### The problem
Restate word for word the span that opens with the line containing "distinct C \<and>" and closes with the final line of the data; give only those lines.

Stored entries
——————————

(* Let $K_{m_1,m_2}$ be the complete bipartite graph with bipartition $(X,Y)$, $X=\{x_1,\dots,x_{m_1}\}$, $Y=\{y_1,\dots,y_{m_2}\}$, where $2\le m_1\le m_2$. Let $s$ and $i$ be integers with $\max\{1,s-m_2\}\le i\le \min\{m_1,s-1\}$, and let $S_i=\{x_1,\dots,x_i,y_1,\dots,y_{s-i}\}$. If $s\le m_2-m_1+2$, then $\kappa^*_{K_{m_1,m_2}}(S_i)=m_1$.
   Context: For $S\subseteq V(G)$ with $|S|\ge 2$, an $S$-Steiner tree of $G$ is a subtree $T$ of $G$ with $S\subseteq V(T)$ all of whose leaves belong to $S$. A family of $S$-Steiner trees $T_1,\dots,T_k$ is completely independent if for all $1\le p<q\le k$: $E(T_p)\cap E(T_q)=\emptyset$, $V(T_p)\cap V(T_q)=S$, and for any two vertices $x_1,x_2\in S$ the $(x_1,x_2)$-paths in $T_p$ and in $T_q$ are internally disjoint. $\kappa^*_G(S)$ is the maximum number of trees in a completely independent family of $S$-Steiner trees in $G$. *)

theory Defs
  imports Main
begin

text \<open>Simple graphs are given by a vertex set V and an edge set E of 2-element subsets.\<close>

definition path_in :: "'a set set \<Rightarrow> 'a list \<Rightarrow> 'a \<Rightarrow> 'a \<Rightarrow> bool" where
  "path_in E P u v \<longleftrightarrow> P \<noteq> [] \<and> hd P = u \<and> last P = v \<and> distinct P \<and>
     (\<forall>j. Suc j < length P \<longrightarrow> {P ! j, P ! Suc j} \<in> E)"

definition is_cycle_in :: "'a set set \<Rightarrow> 'a list \<Rightarrow> bool" where
  "is_cycle_in E C \<longleftrightarrow> length C \<ge> 3 \<and> distinct C \<and>
     (\<forall>j. Suc j < length C \<longrightarrow> {C ! j, C ! Suc j} \<in> E) \<and> {last C, hd C} \<in> E"

definition is_tree :: "'a set \<Rightarrow> 'a set set \<Rightarrow> bool" where
  "is_tree VT ET \<longleftrightarrow> finite VT \<and> VT \<noteq> {} \<and>
     (\<forall>e\<in>ET. \<exists>u v. e = {u, v} \<and> u \<noteq> v \<and> u \<in> VT \<and> v \<in> VT) \<and>
     (\<forall>u\<in>VT. \<forall>v\<in>VT. \<exists>P. path_in ET P u v) \<and>
     (\<nexists>C. is_cycle_in ET C)"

——————————

### Task response
  "is_cycle_in E C \<longleftrightarrow> length C \<ge> 3 \<and> distinct C \<and>
     (\<forall>j. Suc j < length C \<longrightarrow> {C ! j, C ! Suc j} \<in> E) \<and> {last C, hd C} \<in> E"

definition is_tree :: "'a set \<Rightarrow> 'a set set \<Rightarrow> bool" where
  "is_tree VT ET \<longleftrightarrow> finite VT \<and> VT \<noteq> {} \<and>
     (\<forall>e\<in>ET. \<exists>u v. e = {u, v} \<and> u \<noteq> v \<and> u \<in> VT \<and> v \<in> VT) \<and>
     (\<forall>u\<in>VT. \<forall>v\<in>VT. \<exists>P. path_in ET P u v) \<and>
     (\<nexists>C. is_cycle_in ET C)"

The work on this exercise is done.